• _About this task_: Treat the line containing "using biconj_subset[OF assms(2,5,6,7)]" as the first line of the answer and the last line of the data as its final line, reproducing every line between exactly.

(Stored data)
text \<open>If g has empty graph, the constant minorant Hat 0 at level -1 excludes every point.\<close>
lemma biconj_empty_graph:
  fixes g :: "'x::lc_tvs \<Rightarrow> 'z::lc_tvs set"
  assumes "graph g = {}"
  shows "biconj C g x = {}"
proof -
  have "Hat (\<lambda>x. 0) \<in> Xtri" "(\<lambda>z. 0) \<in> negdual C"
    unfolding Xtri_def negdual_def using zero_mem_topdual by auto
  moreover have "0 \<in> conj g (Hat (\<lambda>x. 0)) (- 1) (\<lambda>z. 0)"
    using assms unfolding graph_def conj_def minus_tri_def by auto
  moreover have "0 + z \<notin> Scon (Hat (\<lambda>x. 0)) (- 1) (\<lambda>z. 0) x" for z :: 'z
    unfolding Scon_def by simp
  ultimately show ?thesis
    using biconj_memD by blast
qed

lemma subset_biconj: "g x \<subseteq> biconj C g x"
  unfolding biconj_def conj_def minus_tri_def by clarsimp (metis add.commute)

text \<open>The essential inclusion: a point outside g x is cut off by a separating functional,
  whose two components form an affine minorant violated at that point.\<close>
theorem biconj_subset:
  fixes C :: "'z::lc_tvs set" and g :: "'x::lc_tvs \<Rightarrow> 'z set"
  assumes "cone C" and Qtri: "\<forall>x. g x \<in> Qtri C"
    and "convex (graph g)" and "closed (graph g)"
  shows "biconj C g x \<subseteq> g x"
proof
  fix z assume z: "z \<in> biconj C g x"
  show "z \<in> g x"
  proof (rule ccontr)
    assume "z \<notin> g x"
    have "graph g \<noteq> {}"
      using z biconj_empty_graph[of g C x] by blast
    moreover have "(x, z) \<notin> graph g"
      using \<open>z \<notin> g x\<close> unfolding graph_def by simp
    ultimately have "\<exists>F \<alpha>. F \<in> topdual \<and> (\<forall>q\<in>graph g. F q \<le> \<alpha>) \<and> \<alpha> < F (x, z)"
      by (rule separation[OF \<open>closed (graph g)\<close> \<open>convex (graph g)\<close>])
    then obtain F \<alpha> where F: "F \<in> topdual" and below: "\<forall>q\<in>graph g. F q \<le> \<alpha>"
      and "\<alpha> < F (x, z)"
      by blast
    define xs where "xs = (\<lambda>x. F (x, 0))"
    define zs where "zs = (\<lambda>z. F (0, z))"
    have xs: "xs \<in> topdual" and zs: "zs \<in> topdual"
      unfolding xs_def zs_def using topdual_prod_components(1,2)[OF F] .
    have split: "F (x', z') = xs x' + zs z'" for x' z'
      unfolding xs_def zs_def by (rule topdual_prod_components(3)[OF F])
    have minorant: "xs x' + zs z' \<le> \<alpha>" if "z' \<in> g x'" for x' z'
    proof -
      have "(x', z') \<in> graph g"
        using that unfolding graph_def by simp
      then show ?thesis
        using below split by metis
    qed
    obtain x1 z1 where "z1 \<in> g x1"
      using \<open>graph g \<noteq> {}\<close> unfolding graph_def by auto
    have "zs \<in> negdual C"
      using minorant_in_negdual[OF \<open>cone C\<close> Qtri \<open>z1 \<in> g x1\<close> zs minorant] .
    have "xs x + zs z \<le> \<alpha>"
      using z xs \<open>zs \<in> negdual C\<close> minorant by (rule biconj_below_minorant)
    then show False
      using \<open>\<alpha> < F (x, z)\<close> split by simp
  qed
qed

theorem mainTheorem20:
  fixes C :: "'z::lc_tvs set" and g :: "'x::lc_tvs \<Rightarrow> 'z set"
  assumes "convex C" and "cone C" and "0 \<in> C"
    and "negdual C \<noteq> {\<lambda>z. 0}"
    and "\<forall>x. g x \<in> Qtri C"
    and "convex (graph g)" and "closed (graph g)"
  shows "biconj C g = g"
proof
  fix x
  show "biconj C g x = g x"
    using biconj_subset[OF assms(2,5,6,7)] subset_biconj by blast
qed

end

• _Worked solution_:
    using biconj_subset[OF assms(2,5,6,7)] subset_biconj by blast
qed

end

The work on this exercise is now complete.